---------- Material provided

lemma card_minus_one_half_le_sum:
  fixes g :: "'a \<Rightarrow> real"
  assumes L: "finite L" and nonneg: "\<And>u. u \<in> L \<Longrightarrow> 0 \<le> g u"
    and pair: "\<And>u v. u \<in> L \<Longrightarrow> v \<in> L \<Longrightarrow> u \<noteq> v \<Longrightarrow> 1 \<le> g u + g v"
  shows "(real (card L) - 1) / 2 \<le> sum g L"
proof (cases "\<forall>u\<in>L. 1/2 \<le> g u")
  case True
  then have "real (card L) * (1/2) \<le> sum g L"
    using sum_mono[of L "\<lambda>_. 1/2" g] by simp
  then show ?thesis by (simp add: field_simps)
next
  case False
  then obtain u where u: "u \<in> L" "g u < 1/2" by auto
  then have "\<forall>v\<in>L - {u}. 1/2 \<le> g v" using pair by force
  then have "real (card (L - {u})) * (1/2) \<le> sum g (L - {u})"
    using sum_mono[of "L - {u}" "\<lambda>_. 1/2" g] by simp
  moreover have "sum g L = g u + sum g (L - {u})"
    using L u(1) by (simp add: sum.remove)
  moreover have "real (card (L - {u})) = real (card L) - 1"
  proof -
    have "1 \<le> card L" using L u(1) by (metis card_0_eq empty_iff less_one not_le)
    then show ?thesis using L u(1) by (simp add: of_nat_diff)
  qed
  ultimately show ?thesis using nonneg[OF u(1)] by (simp add: field_simps)
qed

definition star_graph :: "nat \<Rightarrow> graph" where
  "star_graph n = ({0..n}, (\<lambda>v. {0, v}) ` {1..n})"

lemma verts_star_graph [simp]: "verts (star_graph n) = {0..n}"
  by (simp add: star_graph_def verts_def)

lemma edges_star_graph: "edges (star_graph n) = (\<lambda>v. {0, v}) ` {1..n}"
  by (simp add: star_graph_def edges_def)

lemma star_graph_edge_iff:
  "{x, y} \<in> edges (star_graph n) \<longleftrightarrow> (x = 0 \<and> y \<in> {1..n}) \<or> (y = 0 \<and> x \<in> {1..n})"
  unfolding edges_star_graph by (auto simp: doubleton_eq_iff)

lemma simple_graph_star_graph: "simple_graph (star_graph n)"
  unfolding simple_graph_def
proof (intro conjI ballI)
  fix e assume "e \<in> edges (star_graph n)"
  then obtain v where "e = {0, v}" "v \<in> {1..n}"
    unfolding edges_star_graph by auto
  then show "\<exists>x y. x \<noteq> y \<and> x \<in> verts (star_graph n) \<and> y \<in> verts (star_graph n) \<and> e = {x, y}"
    by (intro exI[of _ 0] exI[of _ v]) auto
qed simp

lemma universal_vertex_star_graph: "universal_vertex (star_graph n) 0"
  unfolding universal_vertex_def by (auto simp: star_graph_edge_iff)

lemma connected_graph_star_graph: "connected_graph (star_graph n)"
  by (rule connected_graph_universal_vertex[OF simple_graph_star_graph universal_vertex_star_graph])

lemma resolving_set_of_star_graph_leaves:
  assumes "u \<in> {1..n}" "v \<in> {1..n}"
  shows "resolving_set_of (star_graph n) u v \<subseteq> {u, v}"
proof
  fix z assume "z \<in> resolving_set_of (star_graph n) u v"
  then have "z \<in> {0..n}" "gdist (star_graph n) u z \<noteq> gdist (star_graph n) v z"
    unfolding resolving_set_of_def by auto
  then show "z \<in> {u, v}"
    using assms
    by (auto simp: gdist_universal_vertex[OF simple_graph_star_graph universal_vertex_star_graph]
        star_graph_edge_iff split: if_splits)
qed
(* Let $\mathcal{H}_A$ and $\mathcal{H}_B$ both have finite dimension $D$, let $|\psi\rangle\in\mathcal{H}_A\otimes\mathcal{H}_B$ be any vector, and let $A_k$ (operators on $\mathcal{H}_A$) and $B_k$ (operators on $\mathcal{H}_B$), $k=1,\dots,N$, be arbitrary. Let $R=\sum_{k=1}^N A_k^\dagger A_k\otimes B_k^\dagger B_k$ and $\|R\|=\sup_{\|\omega\|=1}\|R|\omega\rangle\|$ (its largest eigenvalue). Then for every $1\le n\le D$, $$\sum_{k=1}^N\chi_n\!\big(\mathrm{Tr}_A[(A_k\otimes B_k)|\psi\rangle\langle\psi|(A_k\otimes B_k)^\dagger]\big)\le\|R\|\,\chi_n\!\big(\mathrm{Tr}_A|\psi\rangle\langle\psi|\big).$$
   Context: For a Hermitian operator $T$ on a $D$-dimensional space, $\chi_n(T)$ denotes the sum of its $n$ smallest eigenvalues counted with multiplicity. $\mathrm{Tr}_A$ denotes the partial trace over $\mathcal{H}_A$, yielding an operator on $\mathcal{H}_B$. *)

theory Defs
  imports "Jordan_Normal_Form.Char_Poly" "HOL-Library.Multiset"
begin

text \<open>Matrices are Jordan_Normal_Form complex matrices; the basis of
  H_A \<otimes> H_B (dims dA, dB) is indexed by i*dB + j for i < dA, j < dB.\<close>

definition adj :: "complex mat \<Rightarrow> complex mat" where
  "adj M = mat (dim_col M) (dim_row M) (\<lambda>(i,j). cnj (M $$ (j,i)))"

definition kron :: "complex mat \<Rightarrow> complex mat \<Rightarrow> complex mat" where
  "kron M P = mat (dim_row M * dim_row P) (dim_col M * dim_col P)
     (\<lambda>(i,j). M $$ (i div dim_row P, j div dim_col P) * P $$ (i mod dim_row P, j mod dim_col P))"

definition ptrace_A :: "nat \<Rightarrow> nat \<Rightarrow> complex mat \<Rightarrow> complex mat" where
  "ptrace_A dA dB M = mat dB dB (\<lambda>(j,j'). \<Sum>i<dA. M $$ (i*dB + j, i*dB + j'))"

definition outer :: "complex vec \<Rightarrow> complex mat" where
  "outer v = mat (dim_vec v) (dim_vec v) (\<lambda>(i,j). v $ i * cnj (v $ j))"

definition msum :: "nat \<Rightarrow> ('k \<Rightarrow> complex mat) \<Rightarrow> 'k set \<Rightarrow> complex mat" where
  "msum d f K = mat d d (\<lambda>ij. \<Sum>k\<in>K. f k $$ ij)"

definition vnorm :: "complex vec \<Rightarrow> real" where
  "vnorm w = sqrt (\<Sum>i<dim_vec w. (cmod (w $ i))\<^sup>2)"

definition opnorm :: "complex mat \<Rightarrow> real" where
  "opnorm R = Sup {vnorm (R *\<^sub>v w) | w. w \<in> carrier_vec (dim_col R) \<and> vnorm w = 1}"

text \<open>Eigenvalues (with algebraic multiplicity = roots of the characteristic polynomial),
  as reals (real parts; the operators used are Hermitian), sorted increasingly.\<close>
definition eigvals_sorted :: "complex mat \<Rightarrow> real list" where
  "eigvals_sorted T = sorted_list_of_multiset (image_mset Re (proots (char_poly T)))"

definition chi :: "nat \<Rightarrow> complex mat \<Rightarrow> real" where
  "chi n T = sum_list (take n (eigvals_sorted T))"

end

(* Write psi = sum_i |i> (x) psi_i with slices psi_i in H_B, so that rho = Tr_A |psi><psi| has
   the quadratic form <w|rho|w> = sum_i |<w|psi_i>|^2.  Diagonalise rho by an orthonormal
   eigenbasis u_j and let S be the indices of its n smallest eigenvalues.  Project every slice
   onto span {u_j | j in S}; the resulting vector eta satisfies
     (a) chi_n(rho) = ||eta||^2                       (the norm of eta counts exactly those eigenvalues);
     (b) chi_n(Tr_A [K |psi><psi| K^dag]) <= ||K eta||^2 for every product operator K = A (x) B:
         pick n orthonormal vectors w_l orthogonal to all B u_j, j not in S; on them the slices of
         K psi and of K eta have the same overlaps, so Ky Fan's minimum principle and Bessel's
         inequality give the bound;
     (c) sum_k ||K_k eta||^2 = <eta|R|eta> <= ||R|| ||eta||^2  (Cauchy-Schwarz).
   Summing (b) over k and using (c) and (a) gives the theorem. *)
theory Submission
  imports Defs "HOL-Combinatorics.List_Permutation"
    "HOL-Computational_Algebra.Fundamental_Theorem_Algebra"
begin
lemma BI_aux_AE_env:
  assumes m: "supp_sup M H = enat m"
  shows "k \<le> m \<Longrightarrow> AE \<omega> in M. BI_aux M X H m k \<omega> = env (m - k) \<omega>"
proof (induction k)
  case 0
  show ?case
    using val_eq_0_beyond_support[OF m, of "Suc m"] by (simp add: env_def Z_def)
next
  case (Suc k)
  define j where "j = m - Suc k"
  have Suc_j: "m - k = Suc j"
    using Suc.prems unfolding j_def by simp
  interpret sigma_finite_subalgebra M "B (enat j)"
    by (rule sigma_finite_subalgebra_B)
  from Suc have "AE \<omega> in M. nn_cond_exp M (B (enat j)) (BI_aux M X H m k) \<omega>
      = nn_cond_exp M (B (enat j)) (env (Suc j)) \<omega>"
    by (intro nn_cond_exp_cong) (simp_all add: Suc_j)
  with nn_cond_exp_env_Suc[of j] show ?case
    by eventually_elim (simp add: env_def Z_def j_def)
qed

lemma nn_cond_exp_BI_W:
  assumes "supp_sup M H = enat m" and "i < m"
  shows "AE \<omega> in M. nn_cond_exp M (B (enat i)) (BI_W M X H m (Suc i)) \<omega> = val (Suc i)"
proof -
  interpret sigma_finite_subalgebra M "B (enat i)"
    by (rule sigma_finite_subalgebra_B)
  have "AE \<omega> in M. BI_W M X H m (Suc i) \<omega> = env (Suc i) \<omega>"
    using BI_aux_AE_env[OF assms(1), of "m - Suc i"] assms(2) by (simp add: BI_W_def)
  then have "AE \<omega> in M. nn_cond_exp M (B (enat i)) (BI_W M X H m (Suc i)) \<omega>
      = nn_cond_exp M (B (enat i)) (env (Suc i)) \<omega>"
    by (rule nn_cond_exp_cong) (simp_all add: BI_W_def)
  with nn_cond_exp_env_Suc[of i] show ?thesis
    by eventually_elim simp
qed

lemma BI_rule_eq_hitting_time:
  "BI_rule M X H m = hitting_time (\<lambda>i \<omega>. i = m \<or> (i < m \<and>
     ennreal (Z_seq M X H i \<omega>) \<ge> nn_cond_exp M (B (enat i)) (BI_W M X H m (Suc i)) \<omega>))"
  by (auto simp: BI_rule_def hitting_time_def fun_eq_iff)

lemma BI_rule_T_B: "BI_rule M X H m \<in> T_B M X"
  unfolding T_B_def BI_rule_eq_hitting_time
  by (intro CollectI stopping_time_hitting_time[OF filtration_B]) measurable

lemma BI_rule_AE_opt_time:
  assumes m: "supp_sup M H = enat m"
  shows "AE \<omega> in M. BI_rule M X H m \<omega> = opt_time 0 \<omega>"
proof -
  have "\<forall>i. AE \<omega> in M. i < m \<longrightarrow> nn_cond_exp M (B (enat i)) (BI_W M X H m (Suc i)) \<omega> = val (Suc i)"
  proof
    fix i
    show "AE \<omega> in M. i < m \<longrightarrow> nn_cond_exp M (B (enat i)) (BI_W M X H m (Suc i)) \<omega> = val (Suc i)"
      using nn_cond_exp_BI_W[OF m, of i] by (cases "i < m") simp_all
  qed
  then have "AE \<omega> in M. \<forall>i<m. nn_cond_exp M (B (enat i)) (BI_W M X H m (Suc i)) \<omega> = val (Suc i)"
    by (simp add: AE_all_countable)
  then show ?thesis
  proof eventually_elim
    case (elim \<omega>)
    show ?case
      unfolding BI_rule_eq_hitting_time opt_time_0
    proof (rule hitting_time_cong_upto[of m])
      fix i assume "i \<le> m"
      then show "(i = m \<or> i < m \<and> nn_cond_exp M (B (enat i)) (BI_W M X H m (Suc i)) \<omega>
          \<le> ennreal (Z_seq M X H i \<omega>)) = stop_at i \<omega>"
        using elim stop_at_support[OF m, of \<omega>] by (cases "i = m") (auto simp: stop_at_def Z_def)
    qed simp
  qed
qed

lemma env_AE_snell:
  assumes V: "is_snell_envelope M X H V"
  shows "AE \<omega> in M. V i \<omega> = env i \<omega>"
proof -
  interpret sigma_finite_subalgebra M "B (enat i)"
    by (rule sigma_finite_subalgebra_B)
  let ?E = "\<lambda>\<zeta>. nn_cond_exp M (B (enat i)) (Z_stopped \<zeta>)"
  have ess: "is_ess_sup M (?E ` T_B_from M X i) (V i)"
    using V unfolding is_snell_envelope_def Z_stopped_def[abs_def] by blast
  have "AE \<omega> in M. ?E \<zeta> \<omega> \<le> env i \<omega>" if "\<zeta> \<in> T_B_from M X i" for \<zeta>
  proof (rule AE_le_if_set_nn_integral_le[OF subalgebra_B])
    have \<zeta>: "\<zeta> \<in> T_B M X" and ge: "\<And>\<omega>. \<omega> \<in> space M \<Longrightarrow> enat i \<le> \<zeta> \<omega>"
      using that by (auto simp: T_B_from_def)
    show "env i \<in> borel_measurable (B (enat i))"
      by (rule env_measurable_B) simp
    show "(\<integral>\<^sup>+\<omega>. env i \<omega> \<partial>M) \<noteq> \<infinity>"
      using val_finite[of i] by (simp add: nn_integral_env)
    fix A assume A: "A \<in> sets (B (enat i))"
    have "(\<integral>\<^sup>+\<omega>\<in>A. ?E \<zeta> \<omega> \<partial>M) = (\<integral>\<^sup>+\<omega>\<in>A. Z_stopped \<zeta> \<omega> \<partial>M)"
      using nn_cond_exp_intg[of "indicator A" "Z_stopped \<zeta>"] A Z_stopped_measurable[OF \<zeta>]
      by (simp add: mult.commute)
    also have "\<dots> \<le> (\<integral>\<^sup>+\<omega>\<in>A. env i \<omega> \<partial>M)"
      using sets.sets_into_space[OF A] ge by (intro set_nn_integral_Z_stopped_le_env[OF \<zeta> A]) auto
    finally show "(\<integral>\<^sup>+\<omega>\<in>A. ?E \<zeta> \<omega> \<partial>M) \<le> (\<integral>\<^sup>+\<omega>\<in>A. env i \<omega> \<partial>M)" .
  qed simp
  then have le: "AE \<omega> in M. V i \<omega> \<le> env i \<omega>"
    using ess unfolding is_ess_sup_def by auto
  have "opt_time i \<in> T_B_from M X i"
    using opt_time_T_B opt_time_ge by (simp add: T_B_from_def)
  then have "AE \<omega> in M. ?E (opt_time i) \<omega> \<le> V i \<omega>"
    using ess unfolding is_ess_sup_def by auto
  moreover have "AE \<omega> in M. env i \<omega> = ?E (opt_time i) \<omega>"
    by (rule nn_cond_exp_charact)
       (simp_all add: set_nn_integral_opt_time Z_stopped_measurable[OF opt_time_T_B] env_measurable_B)
  ultimately have "AE \<omega> in M. env i \<omega> \<le> V i \<omega>"
    by eventually_elim simp
  with le show ?thesis
    by eventually_elim simp
qed

lemma nn_cond_exp_snell:
  assumes V: "is_snell_envelope M X H V"
  shows "AE \<omega> in M. nn_cond_exp M (B (enat i)) (V (Suc i)) \<omega> = val (Suc i)"
proof -
  interpret sigma_finite_subalgebra M "B (enat i)"
    by (rule sigma_finite_subalgebra_B)
  have "V (Suc i) \<in> borel_measurable M"
    using V unfolding is_snell_envelope_def is_ess_sup_def by blast
  then have "AE \<omega> in M. nn_cond_exp M (B (enat i)) (V (Suc i)) \<omega>
      = nn_cond_exp M (B (enat i)) (env (Suc i)) \<omega>"
    by (intro nn_cond_exp_cong env_AE_snell[OF V]) simp_all
  with nn_cond_exp_env_Suc[of i] show ?thesis
    by eventually_elim simp
qed

lemma snell_rule_eq_hitting_time:
  "snell_rule M X H V = hitting_time (\<lambda>i \<omega>.
     ennreal (Z_seq M X H i \<omega>) \<ge> nn_cond_exp M (B (enat i)) (V (Suc i)) \<omega>)"
  by (simp add: snell_rule_def hitting_time_def fun_eq_iff)

lemma snell_rule_T_B: "snell_rule M X H V \<in> T_B M X"
  unfolding T_B_def snell_rule_eq_hitting_time
  by (intro CollectI stopping_time_hitting_time[OF filtration_B]) measurable

lemma snell_rule_AE_opt_time:
  assumes V: "is_snell_envelope M X H V"
  shows "AE \<omega> in M. snell_rule M X H V \<omega> = opt_time 0 \<omega>"
proof -
  have "AE \<omega> in M. \<forall>i. nn_cond_exp M (B (enat i)) (V (Suc i)) \<omega> = val (Suc i)"
    using nn_cond_exp_snell[OF V] by (simp add: AE_all_countable)
  then show ?thesis
  proof eventually_elim
    case (elim \<omega>)
    show ?case
      unfolding snell_rule_eq_hitting_time opt_time_0
      by (rule hitting_time_cong) (simp add: elim stop_at_def Z_def)
  qed
qed

end
(* Let $n\geq2$ and let $\mathcal R(P_n)=u_1,\ldots,u_r$. Let $k$ be the smallest index such that $x_{n-1}\nmid u_k$. Then $(u_1,\ldots,u_{k-1}):(u_k)=(x_{n-1})$. Moreover, if $i>k$, then $$(u_1,\ldots,u_{i-1}):(u_i)=(x_{n-1})+(u_k,\ldots,u_{i-1}):(u_i).$$
   Context: Let $K$ be a field. For $m\geq 1$, $P_m$ is the path graph on vertices $x_1,\ldots,x_m$ with edges $\{x_i,x_{i+1}\}$. The cover ideal $J(P_m)$ is generated by the monomials $\prod_{x\in C}x$ with $C$ a minimal vertex cover of $P_m$. The rooted list $\mathcal R(P_m)$ is defined recursively: $\mathcal R(P_1)$ empty; $\mathcal R(P_2)=x_1,x_2$; $\mathcal R(P_3)=x_2,x_1x_3$; $\mathcal R(P_4)=x_1x_3,x_2x_3,x_2x_4$; for $m\geq5$, if $\mathcal R(P_{m-2})=u_1,\ldots,u_r$ and $\mathcal R(P_{m-3})=v_1,\ldots,v_s$, then $\mathcal R(P_m)=x_{m-1}u_1,\ldots,x_{m-1}u_r,x_mx_{m-2}v_1,\ldots,x_mx_{m-2}v_s$; it lists each minimal monomial generator of $J(P_m)$ once. *)

theory Defs
  imports Main "HOL-Library.Poly_Mapping"
begin

type_synonym 'a mpoly = "(nat \<Rightarrow>\<^sub>0 nat) \<Rightarrow>\<^sub>0 'a"

definition xvar :: "nat \<Rightarrow> 'a::field mpoly" where
  "xvar i = Poly_Mapping.single (Poly_Mapping.single i 1) 1"

definition sqmono :: "nat set \<Rightarrow> 'a::field mpoly" where
  "sqmono S = (\<Prod>i\<in>S. xvar i)"

definition ideal_gen :: "'a::field mpoly set \<Rightarrow> 'a mpoly set" where
  "ideal_gen G = {p. \<exists>F c. finite F \<and> F \<subseteq> G \<and> p = (\<Sum>g\<in>F. c g * g)}"

definition ideal_sum :: "'a::field mpoly set \<Rightarrow> 'a mpoly set \<Rightarrow> 'a mpoly set" where
  "ideal_sum I J = {a + b | a b. a \<in> I \<and> b \<in> J}"

definition ideal_colon :: "'a::field mpoly set \<Rightarrow> 'a mpoly set \<Rightarrow> 'a mpoly set" where
  "ideal_colon I J = {f. \<forall>g\<in>J. f * g \<in> I}"

text \<open>Rooted list of P_m, each monomial given by its support set.\<close>
fun rooted_sets :: "nat \<Rightarrow> nat set list" where
  "rooted_sets 0 = []"
| "rooted_sets (Suc 0) = []"
| "rooted_sets (Suc (Suc 0)) = [{1}, {2}]"
| "rooted_sets (Suc (Suc (Suc 0))) = [{2}, {1, 3}]"
| "rooted_sets (Suc (Suc (Suc (Suc 0)))) = [{1, 3}, {2, 3}, {2, 4}]"
| "rooted_sets (Suc (Suc (Suc (Suc (Suc k))))) =
     map (insert (k + 4)) (rooted_sets (k + 3))
     @ map (\<lambda>S. insert (k + 5) (insert (k + 3) S)) (rooted_sets (k + 2))"

definition rooted_list :: "nat \<Rightarrow> 'a::field mpoly list" where
  "rooted_list m = map sqmono (rooted_sets m)"

end

theory Submission
  imports Defs
begin

text \<open>Let \<open>v = n - 1\<close> and let \<open>p(0)\<close> denote \<open>p\<close> with \<open>x\<^sub>v\<close> set to \<open>0\<close>.

  The recursion shows that \<open>\<R>(P\<^sub>n)\<close> consists of a block of generators divisible by
  \<open>x\<^sub>v\<close> followed by a block of generators not involving \<open>x\<^sub>v\<close>, and that \<open>x\<^sub>v u\<^sub>i\<close>
  is a multiple of a generator of the first block for every \<open>u\<^sub>i\<close> of the second: for
  \<open>n \<ge> 5\<close> such a \<open>u\<^sub>i\<close> is \<open>x\<^sub>n x\<^sub>n\<^sub>-\<^sub>2 w\<close> with \<open>w \<in> \<R>(P\<^sub>n\<^sub>-\<^sub>3)\<close>, the support of
  \<open>x\<^sub>n\<^sub>-\<^sub>2 w\<close> is a vertex cover of \<open>P\<^sub>n\<^sub>-\<^sub>2\<close>, and every vertex cover of a path contains
  the support of an element of its rooted list. Hence \<open>x\<^sub>v\<close> lies in both colon ideals.
  Conversely, if \<open>f u\<^sub>i \<in> (u\<^sub>1, \<dots>, u\<^sub>i\<^sub>-\<^sub>1)\<close>, setting \<open>x\<^sub>v = 0\<close> kills the first block
  and fixes the second, so \<open>f(0) \<in> (u\<^sub>k, \<dots>, u\<^sub>i\<^sub>-\<^sub>1) : u\<^sub>i\<close> while \<open>f - f(0) \<in> (x\<^sub>v)\<close>.\<close>

lemma poly_mapping_single_induct [case_names zero single add]:
  fixes P :: "('a \<Rightarrow>\<^sub>0 'b::comm_monoid_add) \<Rightarrow> bool"
  assumes "P 0" "\<And>k a. P (Poly_Mapping.single k a)" "\<And>f g. P f \<Longrightarrow> P g \<Longrightarrow> P (f + g)"
  shows "P f"
proof (induction f rule: Poly_Mapping.update_induct)
  case const
  then show ?case using assms(1) .
next
  case (update f a b)
  have "Poly_Mapping.update a b f = f + Poly_Mapping.single a b"
    using update(1)
    by (intro poly_mapping_eqI)
      (auto simp: lookup_update lookup_add lookup_single in_keys_iff when_def)
  then show ?case using update assms by simp
qed

definition subst_zero :: "nat \<Rightarrow> 'a::field mpoly \<Rightarrow> 'a mpoly" where
  "subst_zero v p =
    Abs_poly_mapping (\<lambda>m. if Poly_Mapping.lookup m v = 0 then Poly_Mapping.lookup p m else 0)"

lemma lookup_subst_zero:
  "Poly_Mapping.lookup (subst_zero v p) m =
    (if Poly_Mapping.lookup m v = 0 then Poly_Mapping.lookup p m else 0)"
proof -
  have "finite {m. (if Poly_Mapping.lookup m v = 0 then Poly_Mapping.lookup p m else 0) \<noteq> 0}"
    by (rule finite_subset[OF _ finite_lookup[of p]]) auto
  then show ?thesis unfolding subst_zero_def by simp
qed

lemma subst_zero_add: "subst_zero v (p + q) = subst_zero v p + subst_zero v q"
  by (intro poly_mapping_eqI) (simp add: lookup_subst_zero lookup_add)

lemma subst_zero_zero [simp]: "subst_zero v 0 = 0"
  by (intro poly_mapping_eqI) (simp add: lookup_subst_zero)

lemma subst_zero_single:
  "subst_zero v (Poly_Mapping.single m c) =
    (if Poly_Mapping.lookup m v = 0 then Poly_Mapping.single m c else 0)"
  by (intro poly_mapping_eqI) (auto simp: lookup_subst_zero lookup_single when_def)

lemma subst_zero_one [simp]: "subst_zero v 1 = 1"
  by (metis single_one subst_zero_single lookup_zero)

lemma subst_zero_mult: "subst_zero v (p * q) = subst_zero v p * subst_zero v q"
proof (induction p rule: poly_mapping_single_induct)
  case (single m a)
  show ?case
    by (induction q rule: poly_mapping_single_induct)
      (simp_all add: distrib_left subst_zero_add mult_single subst_zero_single lookup_add)
qed (simp_all add: distrib_right subst_zero_add)

lemma subst_zero_sum: "subst_zero v (\<Sum>g\<in>F. f g) = (\<Sum>g\<in>F. subst_zero v (f g))"
  by (induction F rule: infinite_finite_induct) (auto simp: subst_zero_add)

lemma subst_zero_prod: "subst_zero v (\<Prod>i\<in>S. f i) = (\<Prod>i\<in>S. subst_zero v (f i))"
  by (induction S rule: infinite_finite_induct) (auto simp: subst_zero_mult)

lemma subst_zero_xvar: "subst_zero v (xvar i) = (if i = v then 0 else xvar i)"
  by (simp add: xvar_def subst_zero_single lookup_single when_def)

lemma xvar_dvd_diff_subst_zero: "xvar v dvd p - subst_zero v p"
proof (induction p rule: poly_mapping_single_induct)
  case (add f g)
  have "f + g - subst_zero v (f + g) = (f - subst_zero v f) + (g - subst_zero v g)"
    by (simp add: subst_zero_add)
  then show ?case using add by (metis dvd_add)
next
  case (single m c)
  show ?case
  proof (cases "Poly_Mapping.lookup m v = 0")
    case False
    then have "Poly_Mapping.single v 1 + (m - Poly_Mapping.single v 1) = m"
      by (intro poly_mapping_eqI) (auto simp: lookup_add lookup_minus lookup_single when_def)
    then have "Poly_Mapping.single m c = xvar v * Poly_Mapping.single (m - Poly_Mapping.single v 1) c"
      by (simp add: xvar_def mult_single)
    moreover have "subst_zero v (Poly_Mapping.single m c) = 0"
      using False by (simp add: subst_zero_single)
    ultimately show ?thesis by (metis diff_zero dvd_triv_left)
  qed (simp add: subst_zero_single)
qed simp

lemma subst_zero_eq_0_iff: "subst_zero v p = 0 \<longleftrightarrow> xvar v dvd p"
proof
  assume "subst_zero v p = 0"
  then show "xvar v dvd p" using xvar_dvd_diff_subst_zero[of v p] by simp
next
  assume "xvar v dvd p"
  then show "subst_zero v p = 0" by (auto simp: subst_zero_mult subst_zero_xvar)
qed

lemma xvar_nonzero: "(xvar i :: 'a::field mpoly) \<noteq> 0"
  by (metis keys_single one_neq_zero insert_not_empty keys_zero xvar_def)

lemma sqmono_nonzero: "finite S \<Longrightarrow> (sqmono S :: 'a::field mpoly) \<noteq> 0"
  by (simp add: sqmono_def xvar_nonzero)

lemma subst_zero_sqmono:
  "finite S \<Longrightarrow> subst_zero v (sqmono S) = (if v \<in> S then 0 else sqmono S)"
  unfolding sqmono_def subst_zero_prod by (auto simp: subst_zero_xvar intro: prod.cong)

lemma ideal_genI: "finite F \<Longrightarrow> F \<subseteq> G \<Longrightarrow> (\<Sum>g\<in>F. c g * g) \<in> ideal_gen G"
  unfolding ideal_gen_def by blast

lemma ideal_genE:
  assumes "p \<in> ideal_gen G"
  obtains F c where "finite F" "F \<subseteq> G" "p = (\<Sum>g\<in>F. c g * g)"
  using assms unfolding ideal_gen_def by blast

lemma zero_in_ideal_gen: "0 \<in> ideal_gen G"
  using ideal_genI[of "{}"] by simp

lemma generator_in_ideal_gen: "g \<in> G \<Longrightarrow> g \<in> ideal_gen G"
  using ideal_genI[of "{g}" G "\<lambda>_. 1"] by simp

lemma ideal_gen_add:
  assumes "a \<in> ideal_gen G" "b \<in> ideal_gen G"
  shows "a + b \<in> ideal_gen G"
proof -
  obtain F1 c1 where F1: "finite F1" "F1 \<subseteq> G" "a = (\<Sum>g\<in>F1. c1 g * g)"
    using assms(1) by (rule ideal_genE)
  obtain F2 c2 where F2: "finite F2" "F2 \<subseteq> G" "b = (\<Sum>g\<in>F2. c2 g * g)"
    using assms(2) by (rule ideal_genE)
  define c where "c g = (if g \<in> F1 then c1 g else 0) + (if g \<in> F2 then c2 g else 0)" for g
  have "a = (\<Sum>g\<in>F1 \<union> F2. (if g \<in> F1 then c1 g else 0) * g)"
    unfolding F1(3) using F1 F2 by (intro sum.mono_neutral_cong_left) auto
  moreover have "b = (\<Sum>g\<in>F1 \<union> F2. (if g \<in> F2 then c2 g else 0) * g)"
    unfolding F2(3) using F1 F2 by (intro sum.mono_neutral_cong_left) auto
  ultimately have "a + b = (\<Sum>g\<in>F1 \<union> F2. c g * g)"
    by (simp add: c_def distrib_right sum.distrib)
  then show ?thesis using F1 F2 by (simp add: ideal_genI)
qed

--------------------

- [What needs to be done] Using the entries above, repeat only the lines from the one containing "proof (induction k)" through the one containing "with nn_cond_exp_env_Suc[of j] show ?case", end lines included.

- [Result of this exercise]
proof (induction k)
  case 0
  show ?case
    using val_eq_0_beyond_support[OF m, of "Suc m"] by (simp add: env_def Z_def)
next
  case (Suc k)
  define j where "j = m - Suc k"
  have Suc_j: "m - k = Suc j"
    using Suc.prems unfolding j_def by simp
  interpret sigma_finite_subalgebra M "B (enat j)"
    by (rule sigma_finite_subalgebra_B)
  from Suc have "AE \<omega> in M. nn_cond_exp M (B (enat j)) (BI_aux M X H m k) \<omega>
      = nn_cond_exp M (B (enat j)) (env (Suc j)) \<omega>"
    by (intro nn_cond_exp_cong) (simp_all add: Suc_j)
  with nn_cond_exp_env_Suc[of j] show ?case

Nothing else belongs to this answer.